Your assignment:
In the listing below, the answer starts at the line that has "values), hence \<open>\<integral>|y'|\<^sup>2" and stops after the line that has "Henstock sums over"; please repeat that part exactly and nothing more.

Excerpted data:
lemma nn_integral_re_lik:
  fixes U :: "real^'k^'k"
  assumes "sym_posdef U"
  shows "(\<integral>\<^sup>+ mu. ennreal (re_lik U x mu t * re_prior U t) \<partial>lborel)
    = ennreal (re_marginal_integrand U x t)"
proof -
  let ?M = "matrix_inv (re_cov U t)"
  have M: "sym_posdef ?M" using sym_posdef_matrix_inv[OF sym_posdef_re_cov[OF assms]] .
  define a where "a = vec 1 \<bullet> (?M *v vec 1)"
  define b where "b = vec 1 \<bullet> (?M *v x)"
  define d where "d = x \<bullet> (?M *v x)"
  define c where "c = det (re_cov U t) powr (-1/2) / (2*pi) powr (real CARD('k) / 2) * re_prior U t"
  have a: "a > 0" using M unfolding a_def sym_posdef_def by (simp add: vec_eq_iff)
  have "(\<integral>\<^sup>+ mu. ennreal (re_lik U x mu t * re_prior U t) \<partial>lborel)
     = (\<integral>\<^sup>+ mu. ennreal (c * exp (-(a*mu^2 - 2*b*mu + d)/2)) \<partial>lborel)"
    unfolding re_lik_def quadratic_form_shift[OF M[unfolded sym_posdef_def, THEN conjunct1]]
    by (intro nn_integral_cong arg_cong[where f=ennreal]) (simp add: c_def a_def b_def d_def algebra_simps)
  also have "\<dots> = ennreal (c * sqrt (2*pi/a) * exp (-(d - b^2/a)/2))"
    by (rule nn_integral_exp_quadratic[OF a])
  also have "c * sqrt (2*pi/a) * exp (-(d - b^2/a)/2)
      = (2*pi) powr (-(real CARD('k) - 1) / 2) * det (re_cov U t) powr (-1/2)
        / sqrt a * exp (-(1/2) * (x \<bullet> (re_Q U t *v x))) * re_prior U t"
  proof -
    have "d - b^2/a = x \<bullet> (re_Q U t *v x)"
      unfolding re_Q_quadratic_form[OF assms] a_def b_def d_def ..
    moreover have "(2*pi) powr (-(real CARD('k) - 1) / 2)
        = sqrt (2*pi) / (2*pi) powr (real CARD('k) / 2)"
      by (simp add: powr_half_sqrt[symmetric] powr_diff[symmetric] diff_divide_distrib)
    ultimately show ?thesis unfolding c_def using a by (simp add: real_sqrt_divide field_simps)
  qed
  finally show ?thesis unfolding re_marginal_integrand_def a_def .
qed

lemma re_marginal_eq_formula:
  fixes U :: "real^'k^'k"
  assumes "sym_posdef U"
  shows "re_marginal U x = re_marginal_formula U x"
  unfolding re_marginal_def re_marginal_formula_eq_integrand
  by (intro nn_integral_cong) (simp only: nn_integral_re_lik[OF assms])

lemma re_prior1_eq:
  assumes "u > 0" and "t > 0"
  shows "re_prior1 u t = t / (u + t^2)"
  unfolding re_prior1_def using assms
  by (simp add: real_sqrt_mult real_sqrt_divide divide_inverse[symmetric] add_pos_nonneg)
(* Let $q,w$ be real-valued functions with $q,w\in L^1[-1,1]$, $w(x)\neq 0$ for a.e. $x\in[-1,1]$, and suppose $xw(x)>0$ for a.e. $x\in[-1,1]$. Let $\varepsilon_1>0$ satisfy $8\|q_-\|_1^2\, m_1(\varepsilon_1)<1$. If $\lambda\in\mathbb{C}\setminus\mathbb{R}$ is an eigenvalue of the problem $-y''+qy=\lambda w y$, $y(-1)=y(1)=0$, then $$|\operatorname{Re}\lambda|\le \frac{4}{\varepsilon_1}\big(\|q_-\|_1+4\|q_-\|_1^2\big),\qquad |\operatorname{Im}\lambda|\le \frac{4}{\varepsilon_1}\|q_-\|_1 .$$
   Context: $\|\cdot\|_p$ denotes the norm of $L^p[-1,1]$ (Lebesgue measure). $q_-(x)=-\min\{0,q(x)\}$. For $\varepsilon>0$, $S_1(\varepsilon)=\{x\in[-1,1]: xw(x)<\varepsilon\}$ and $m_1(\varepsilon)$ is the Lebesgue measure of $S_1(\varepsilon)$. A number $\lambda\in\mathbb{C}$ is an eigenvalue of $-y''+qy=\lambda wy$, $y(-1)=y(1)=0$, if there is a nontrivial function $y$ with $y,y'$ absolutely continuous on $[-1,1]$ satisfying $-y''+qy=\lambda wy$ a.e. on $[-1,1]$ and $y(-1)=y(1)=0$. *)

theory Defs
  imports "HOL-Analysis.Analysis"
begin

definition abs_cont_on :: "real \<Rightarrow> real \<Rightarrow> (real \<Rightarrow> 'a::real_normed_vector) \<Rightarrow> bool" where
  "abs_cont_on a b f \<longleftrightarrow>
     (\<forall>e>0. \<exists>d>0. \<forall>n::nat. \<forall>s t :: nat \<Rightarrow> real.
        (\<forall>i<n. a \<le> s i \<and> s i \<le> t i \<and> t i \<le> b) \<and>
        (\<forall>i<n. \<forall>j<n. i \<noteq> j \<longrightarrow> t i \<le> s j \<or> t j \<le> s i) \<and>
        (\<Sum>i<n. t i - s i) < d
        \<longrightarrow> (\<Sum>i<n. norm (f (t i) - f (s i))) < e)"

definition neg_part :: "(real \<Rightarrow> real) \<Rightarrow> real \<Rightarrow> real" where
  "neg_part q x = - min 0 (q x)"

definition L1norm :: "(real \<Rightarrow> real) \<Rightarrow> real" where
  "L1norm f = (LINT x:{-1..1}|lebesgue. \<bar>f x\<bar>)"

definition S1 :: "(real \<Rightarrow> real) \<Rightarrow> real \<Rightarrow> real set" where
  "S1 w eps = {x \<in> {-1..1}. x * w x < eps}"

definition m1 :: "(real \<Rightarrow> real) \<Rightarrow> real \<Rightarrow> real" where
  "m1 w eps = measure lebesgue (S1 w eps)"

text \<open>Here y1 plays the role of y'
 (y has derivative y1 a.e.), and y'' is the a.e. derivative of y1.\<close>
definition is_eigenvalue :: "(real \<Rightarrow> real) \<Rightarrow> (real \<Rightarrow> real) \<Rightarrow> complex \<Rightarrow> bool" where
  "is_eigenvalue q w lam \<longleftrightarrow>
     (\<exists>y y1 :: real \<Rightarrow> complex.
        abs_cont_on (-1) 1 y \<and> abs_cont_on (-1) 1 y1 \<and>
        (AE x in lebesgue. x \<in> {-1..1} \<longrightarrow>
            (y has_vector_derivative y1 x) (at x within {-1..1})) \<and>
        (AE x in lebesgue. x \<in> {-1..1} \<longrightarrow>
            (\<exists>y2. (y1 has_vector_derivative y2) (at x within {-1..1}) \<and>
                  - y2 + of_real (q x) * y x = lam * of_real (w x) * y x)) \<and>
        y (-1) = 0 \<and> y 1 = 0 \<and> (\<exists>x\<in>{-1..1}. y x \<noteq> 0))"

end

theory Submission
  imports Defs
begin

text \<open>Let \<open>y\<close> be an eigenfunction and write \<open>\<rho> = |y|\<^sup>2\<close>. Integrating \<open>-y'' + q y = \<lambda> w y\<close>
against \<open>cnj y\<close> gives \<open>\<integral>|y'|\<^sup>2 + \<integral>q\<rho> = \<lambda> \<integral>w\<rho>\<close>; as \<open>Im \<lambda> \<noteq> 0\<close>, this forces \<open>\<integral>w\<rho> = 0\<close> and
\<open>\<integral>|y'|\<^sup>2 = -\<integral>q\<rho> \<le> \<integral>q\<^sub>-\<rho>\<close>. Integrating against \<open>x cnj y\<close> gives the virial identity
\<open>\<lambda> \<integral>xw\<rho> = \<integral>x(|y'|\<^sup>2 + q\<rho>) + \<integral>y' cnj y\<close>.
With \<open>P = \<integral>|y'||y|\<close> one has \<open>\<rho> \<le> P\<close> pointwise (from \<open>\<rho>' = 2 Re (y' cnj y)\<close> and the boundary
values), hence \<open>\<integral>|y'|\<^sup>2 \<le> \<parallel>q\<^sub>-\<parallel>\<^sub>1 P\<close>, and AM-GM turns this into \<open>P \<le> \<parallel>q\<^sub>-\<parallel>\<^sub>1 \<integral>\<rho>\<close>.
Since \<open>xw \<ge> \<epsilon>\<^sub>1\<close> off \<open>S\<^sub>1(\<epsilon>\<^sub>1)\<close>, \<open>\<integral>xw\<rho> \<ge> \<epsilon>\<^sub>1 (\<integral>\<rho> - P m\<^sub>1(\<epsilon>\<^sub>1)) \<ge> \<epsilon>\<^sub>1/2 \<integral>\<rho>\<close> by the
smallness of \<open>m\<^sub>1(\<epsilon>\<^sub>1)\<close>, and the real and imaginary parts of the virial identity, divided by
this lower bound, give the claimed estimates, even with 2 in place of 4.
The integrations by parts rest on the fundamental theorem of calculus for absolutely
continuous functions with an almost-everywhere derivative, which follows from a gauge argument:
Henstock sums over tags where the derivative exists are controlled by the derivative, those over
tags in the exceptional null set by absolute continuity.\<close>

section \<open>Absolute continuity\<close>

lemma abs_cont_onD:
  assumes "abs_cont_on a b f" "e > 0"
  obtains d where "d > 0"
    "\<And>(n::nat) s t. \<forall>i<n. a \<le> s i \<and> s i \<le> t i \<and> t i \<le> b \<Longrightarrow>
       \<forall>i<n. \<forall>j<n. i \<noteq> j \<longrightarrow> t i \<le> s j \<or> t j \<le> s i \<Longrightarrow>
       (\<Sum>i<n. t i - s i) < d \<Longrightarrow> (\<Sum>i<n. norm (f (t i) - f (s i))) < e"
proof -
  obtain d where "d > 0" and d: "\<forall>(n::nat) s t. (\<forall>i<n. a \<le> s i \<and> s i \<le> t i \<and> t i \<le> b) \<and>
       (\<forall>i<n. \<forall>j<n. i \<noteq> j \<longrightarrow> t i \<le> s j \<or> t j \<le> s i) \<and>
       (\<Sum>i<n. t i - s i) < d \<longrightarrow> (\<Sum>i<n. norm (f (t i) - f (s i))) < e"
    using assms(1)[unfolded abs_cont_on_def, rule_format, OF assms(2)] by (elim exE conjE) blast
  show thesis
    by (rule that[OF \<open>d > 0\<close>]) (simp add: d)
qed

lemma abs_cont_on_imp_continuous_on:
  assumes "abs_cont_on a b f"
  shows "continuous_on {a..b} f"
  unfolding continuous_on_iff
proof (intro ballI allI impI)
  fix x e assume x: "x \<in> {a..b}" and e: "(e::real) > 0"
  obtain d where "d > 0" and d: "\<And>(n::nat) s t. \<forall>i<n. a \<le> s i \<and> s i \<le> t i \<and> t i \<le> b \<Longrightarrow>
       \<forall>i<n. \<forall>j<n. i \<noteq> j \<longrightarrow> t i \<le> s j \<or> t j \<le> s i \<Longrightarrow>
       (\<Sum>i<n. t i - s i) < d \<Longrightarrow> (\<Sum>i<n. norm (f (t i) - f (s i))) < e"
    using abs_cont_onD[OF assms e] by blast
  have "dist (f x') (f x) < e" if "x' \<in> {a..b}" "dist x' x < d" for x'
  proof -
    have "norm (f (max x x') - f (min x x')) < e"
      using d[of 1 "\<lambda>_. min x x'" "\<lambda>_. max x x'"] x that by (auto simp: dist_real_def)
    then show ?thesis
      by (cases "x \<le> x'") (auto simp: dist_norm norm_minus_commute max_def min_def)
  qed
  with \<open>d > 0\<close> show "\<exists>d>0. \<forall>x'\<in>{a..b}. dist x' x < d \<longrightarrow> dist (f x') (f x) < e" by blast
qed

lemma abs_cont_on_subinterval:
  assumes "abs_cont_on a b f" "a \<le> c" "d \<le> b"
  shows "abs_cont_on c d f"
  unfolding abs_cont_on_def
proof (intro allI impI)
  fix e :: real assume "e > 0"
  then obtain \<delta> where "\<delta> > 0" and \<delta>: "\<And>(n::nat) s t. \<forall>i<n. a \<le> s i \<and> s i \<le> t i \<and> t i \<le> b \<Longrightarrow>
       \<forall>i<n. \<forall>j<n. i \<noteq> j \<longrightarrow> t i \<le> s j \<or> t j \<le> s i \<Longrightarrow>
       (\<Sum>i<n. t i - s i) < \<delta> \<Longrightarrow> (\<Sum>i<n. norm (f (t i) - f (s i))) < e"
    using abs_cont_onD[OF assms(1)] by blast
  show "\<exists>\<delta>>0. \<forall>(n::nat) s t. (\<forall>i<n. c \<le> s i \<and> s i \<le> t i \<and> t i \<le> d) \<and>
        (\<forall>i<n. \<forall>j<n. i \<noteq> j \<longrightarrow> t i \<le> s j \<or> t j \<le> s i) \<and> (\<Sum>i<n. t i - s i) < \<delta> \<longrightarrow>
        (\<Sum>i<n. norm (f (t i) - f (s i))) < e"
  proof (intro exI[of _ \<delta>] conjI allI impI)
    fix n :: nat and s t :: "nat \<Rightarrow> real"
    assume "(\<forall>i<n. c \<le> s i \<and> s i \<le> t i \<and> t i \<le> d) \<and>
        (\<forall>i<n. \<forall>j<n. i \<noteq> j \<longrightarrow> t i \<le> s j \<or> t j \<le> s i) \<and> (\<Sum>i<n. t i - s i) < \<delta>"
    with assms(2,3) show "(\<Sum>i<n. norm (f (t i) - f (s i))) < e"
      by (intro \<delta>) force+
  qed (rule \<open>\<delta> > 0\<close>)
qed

Expected output:
values), hence \<open>\<integral>|y'|\<^sup>2 \<le> \<parallel>q\<^sub>-\<parallel>\<^sub>1 P\<close>, and AM-GM turns this into \<open>P \<le> \<parallel>q\<^sub>-\<parallel>\<^sub>1 \<integral>\<rho>\<close>.
Since \<open>xw \<ge> \<epsilon>\<^sub>1\<close> off \<open>S\<^sub>1(\<epsilon>\<^sub>1)\<close>, \<open>\<integral>xw\<rho> \<ge> \<epsilon>\<^sub>1 (\<integral>\<rho> - P m\<^sub>1(\<epsilon>\<^sub>1)) \<ge> \<epsilon>\<^sub>1/2 \<integral>\<rho>\<close> by the
smallness of \<open>m\<^sub>1(\<epsilon>\<^sub>1)\<close>, and the real and imaginary parts of the virial identity, divided by
this lower bound, give the claimed estimates, even with 2 in place of 4.
The integrations by parts rest on the fundamental theorem of calculus for absolutely
continuous functions with an almost-everywhere derivative, which follows from a gauge argument:
Henstock sums over tags where the derivative exists are controlled by the derivative, those over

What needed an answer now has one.